_The problem:_ Only one stretch of the data below should be repeated: the lines from the line containing "i j) * catprob_slope" through the line containing "t. G (\<rho>(i", inclusive, exactly as they are.

________________

lemma sum_grid_catprob_slope:
  assumes "i \<in> {1..n}" "j < k" and W: "\<And>x v. W (x(i := v)) = W x"
  shows "(\<Sum>x\<in>grid n k. h x * catprob_slope j (x i) * W x)
       = (\<Sum>x\<in>grid n k. coord_diff i j h x * of_bool (x i = 0) * W x)"
proof -
  have "(\<Sum>x\<in>grid n k. h x * catprob_slope j (x i) * W x)
      = (\<Sum>x\<in>grid n k. of_bool (x i = j) * (h x * W x))
        - (\<Sum>x\<in>grid n k. of_bool (x i = 0) * (h x * W x))"
    by (simp add: catprob_slope_def algebra_simps flip: sum_subtractf)
  also have "\<dots> = (\<Sum>x\<in>grid n k. of_bool (x i = 0) * (h (x(i := j)) * W x))
        - (\<Sum>x\<in>grid n k. of_bool (x i = 0) * (h x * W x))"
    by (simp add: sum_grid_coord_eq_shift[OF assms(1,2)] W)
  also have "\<dots> = (\<Sum>x\<in>grid n k. coord_diff i j h x * of_bool (x i = 0) * W x)"
    unfolding sum_subtractf[symmetric]
    by (intro sum.cong) (auto simp: coord_diff_def left_diff_distrib fun_upd_idem)
  finally show ?thesis .
qed

lemma catprob_fun_upd:
  assumes "j \<in> {1..k-1}"
  shows "catprob k (r(j := t)) v = catprob k r v + (t - r j) * catprob_slope j v"
proof -
  have "(\<Sum>j'\<in>{1..k-1}. (r(j := t)) j') = t + (\<Sum>j'\<in>{1..k-1} - {j}. r j')"
    using sum.remove[OF _ assms, of "r(j := t)"] by simp
  also have "\<dots> = (\<Sum>j'\<in>{1..k-1}. r j') + (t - r j)"
    using assms by (simp add: sum_diff1)
  finally have "(\<Sum>j'\<in>{1..k-1}. (r(j := t)) j') = (\<Sum>j'\<in>{1..k-1}. r j') + (t - r j)" .
  then show ?thesis
    using assms by (auto simp: catprob_def catprob_slope_def)
qed

lemma catprob_nonneg:
  assumes "\<rho> \<in> simplex_prod n k" "m \<in> {1..n}" "v < k"
  shows "catprob k (\<rho> m) v \<ge> 0"
  using assms unfolding simplex_prod_def catprob_def by auto

definition catprob_prod ::
    "nat \<Rightarrow> nat set \<Rightarrow> (nat \<Rightarrow> nat \<Rightarrow> real) \<Rightarrow> (nat \<Rightarrow> nat) \<Rightarrow> real" where
  "catprob_prod k S \<rho> x = (\<Prod>m\<in>S. catprob k (\<rho> m) (x m))"

lemma catprob_prod_nonneg:
  "\<rho> \<in> simplex_prod n k \<Longrightarrow> x \<in> grid n k \<Longrightarrow> S \<subseteq> {1..n} \<Longrightarrow> catprob_prod k S \<rho> x \<ge> 0"
  unfolding catprob_prod_def grid_def
  by (intro prod_nonneg catprob_nonneg) (auto simp: PiE_iff)

lemma catprob_prod_point_upd:
  "i \<notin> S \<Longrightarrow> catprob_prod k S \<rho> (x(i := v)) = catprob_prod k S \<rho> x"
  unfolding catprob_prod_def by (intro prod.cong) auto

lemma catprob_prod_param_upd_nonmem:
  "i \<notin> S \<Longrightarrow> catprob_prod k S (\<rho>(i := r)) x = catprob_prod k S \<rho> x"
  unfolding catprob_prod_def by (intro prod.cong) auto

lemma catprob_prod_param_upd_mem:
  assumes "finite S" "i \<in> S" "j \<in> {1..k-1}"
  shows "catprob_prod k S (\<rho>(i := (\<rho> i)(j := t))) x
       = catprob_prod k S \<rho> x
         + (t - \<rho> i j) * catprob_slope j (x i) * catprob_prod k (S - {i}) \<rho> x"
proof -
  have "catprob_prod k S \<rho>' x = catprob k (\<rho>' i) (x i) * catprob_prod k (S - {i}) \<rho>' x" for \<rho>'
    unfolding catprob_prod_def using assms(1,2) by (rule prod.remove)
  then show ?thesis
    using assms(3) by (simp add: catprob_prod_param_upd_nonmem catprob_fun_upd algebra_simps)
qed

lemma pderiv_ij_affine:
  assumes "\<And>\<rho> t. G (\<rho>(i := (\<rho> i)(j := t))) = G \<rho> + (t - \<rho> i j) * D \<rho>"
  shows "pderiv_ij G i j = D"
proof
  fix \<rho>
  have "((\<lambda>t. G \<rho> + (t - \<rho> i j) * D \<rho>) has_real_derivative D \<rho>) (at (\<rho> i j))"
    by (auto intro!: derivative_eq_intros)
  then show "pderiv_ij G i j \<rho> = D \<rho>"
    unfolding pderiv_ij_def assms by (rule DERIV_imp_deriv)
qed

lemma pderiv_ij_sum_catprob_prod_mem:
  assumes "finite S" "i \<in> S" "j \<in> {1..k-1}"
  shows "pderiv_ij (\<lambda>\<rho>. \<Sum>x\<in>X. w x * catprob_prod k S \<rho> x) i j
       = (\<lambda>\<rho>. \<Sum>x\<in>X. (w x * catprob_slope j (x i)) * catprob_prod k (S - {i}) \<rho> x)"
proof (rule pderiv_ij_affine)
  fix \<rho> t
  have "w x * catprob_prod k S (\<rho>(i := (\<rho> i)(j := t))) x
      = w x * catprob_prod k S \<rho> x
        + (t - \<rho> i j) * ((w x * catprob_slope j (x i)) * catprob_prod k (S - {i}) \<rho> x)" for x
    by (simp add: catprob_prod_param_upd_mem[OF assms] algebra_simps)
  then show "(\<Sum>x\<in>X. w x * catprob_prod k S (\<rho>(i := (\<rho> i)(j := t))) x)
      = (\<Sum>x\<in>X. w x * catprob_prod k S \<rho> x)
        + (t - \<rho> i j) * (\<Sum>x\<in>X. (w x * catprob_slope j (x i)) * catprob_prod k (S - {i}) \<rho> x)"
    by (simp only: sum.distrib sum_distrib_left)
qed

lemma pderiv_ij_sum_catprob_prod_nonmem:
  "i \<notin> S \<Longrightarrow> pderiv_ij (\<lambda>\<rho>. \<Sum>x\<in>X. w x * catprob_prod k S \<rho> x) i j = (\<lambda>_. 0)"
  by (rule pderiv_ij_affine) (simp add: catprob_prod_param_upd_nonmem)

lemma gen_mle_eq_sum_catprob_prod:
  "gen_mle n k f = (\<lambda>\<rho>. \<Sum>x\<in>grid n k. f x * catprob_prod k {1..n} \<rho> x)"
  unfolding gen_mle_def catprob_prod_def ..

lemma pderiv_ij_gen_mle:
  assumes "i \<in> {1..n}" "j \<in> {1..k-1}"
  shows "pderiv_ij (gen_mle n k f) i j
       = (\<lambda>\<rho>. \<Sum>x\<in>grid n k.
            (f x * catprob_slope j (x i)) * catprob_prod k ({1..n} - {i}) \<rho> x)"
  unfolding gen_mle_eq_sum_catprob_prod using assms
  by (simp add: pderiv_ij_sum_catprob_prod_mem)

lemma pderiv_ij_gen_mle_expectation:
  assumes "i \<in> {1..n}" "j \<in> {1..k-1}"
  shows "pderiv_ij (gen_mle n k f) i j \<rho>
       = (\<Sum>x\<in>grid n k.
            coord_diff i j f x * of_bool (x i = 0) * catprob_prod k ({1..n} - {i}) \<rho> x)"
  unfolding pderiv_ij_gen_mle[OF assms] using assms
  by (intro sum_grid_catprob_slope) (auto simp: catprob_prod_point_upd)

lemma pderiv_ij_pderiv_ij_gen_mle_same:
  assumes "i \<in> {1..n}" "j \<in> {1..k-1}"
  shows "pderiv_ij (pderiv_ij (gen_mle n k f) i j) i l = (\<lambda>_. 0)"
  using assms by (simp add: pderiv_ij_gen_mle pderiv_ij_sum_catprob_prod_nonmem)

lemma pderiv_ij_pderiv_ij_gen_mle_expectation:
  assumes "i \<in> {1..n}" "j \<in> {1..k-1}" "i' \<in> {1..n}" "l \<in> {1..k-1}" "i \<noteq> i'"
  shows "pderiv_ij (pderiv_ij (gen_mle n k f) i j) i' l \<rho>
       = (\<Sum>x\<in>grid n k. coord_diff i j (coord_diff i' l f) x * of_bool (x i = 0)
            * (of_bool (x i' = 0) * catprob_prod k ({1..n} - {i} - {i'}) \<rho> x))"
proof -
  let ?Q = "catprob_prod k ({1..n} - {i} - {i'}) \<rho>"
  have "pderiv_ij (pderiv_ij (gen_mle n k f) i j) i' l \<rho>
      = (\<Sum>x\<in>grid n k. (f x * catprob_slope j (x i)) * catprob_slope l (x i') * ?Q x)"
    using assms by (simp add: pderiv_ij_gen_mle pderiv_ij_sum_catprob_prod_mem)
  also have "\<dots> = (\<Sum>x\<in>grid n k.
      coord_diff i' l (\<lambda>y. f y * catprob_slope j (y i)) x * of_bool (x i' = 0) * ?Q x)"
    using assms by (intro sum_grid_catprob_slope) (auto simp: catprob_prod_point_upd)
  also have "\<dots> = (\<Sum>x\<in>grid n k.
      coord_diff i' l f x * catprob_slope j (x i) * (of_bool (x i' = 0) * ?Q x))"
    using assms by (intro sum.cong) (auto simp: coord_diff_def algebra_simps)
  also have "\<dots> = (\<Sum>x\<in>grid n k.
      coord_diff i j (coord_diff i' l f) x * of_bool (x i = 0) * (of_bool (x i' = 0) * ?Q x))"
    using assms by (intro sum_grid_catprob_slope) (auto simp: catprob_prod_point_upd)
  finally show ?thesis .
qed

lemma pderiv_ij_gen_mle_nonneg:
  assumes "monotone_grid n k f" "\<rho> \<in> simplex_prod n k" "i \<in> {1..n}" "j \<in> {1..k-1}"
  shows "pderiv_ij (gen_mle n k f) i j \<rho> \<ge> 0"
  unfolding pderiv_ij_gen_mle_expectation[OF assms(3,4)]
proof (rule sum_nonneg)
  fix x assume x: "x \<in> grid n k"
  have "coord_diff i j f x \<ge> 0"
    using assms x by (intro monotone_grid_coord_diff_nonneg) auto
  moreover have "catprob_prod k ({1..n} - {i}) \<rho> x \<ge> 0"
    using assms(2) x by (rule catprob_prod_nonneg) auto
  ultimately show
    "coord_diff i j f x * of_bool (x i = 0) * catprob_prod k ({1..n} - {i}) \<rho> x \<ge> 0"
    by simp
qed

________________

_Result of the task:_
         + (t - \<rho> i j) * catprob_slope j (x i) * catprob_prod k (S - {i}) \<rho> x"
proof -
  have "catprob_prod k S \<rho>' x = catprob k (\<rho>' i) (x i) * catprob_prod k (S - {i}) \<rho>' x" for \<rho>'
    unfolding catprob_prod_def using assms(1,2) by (rule prod.remove)
  then show ?thesis
    using assms(3) by (simp add: catprob_prod_param_upd_nonmem catprob_fun_upd algebra_simps)
qed

lemma pderiv_ij_affine:
  assumes "\<And>\<rho> t. G (\<rho>(i := (\<rho> i)(j := t))) = G \<rho> + (t - \<rho> i j) * D \<rho>"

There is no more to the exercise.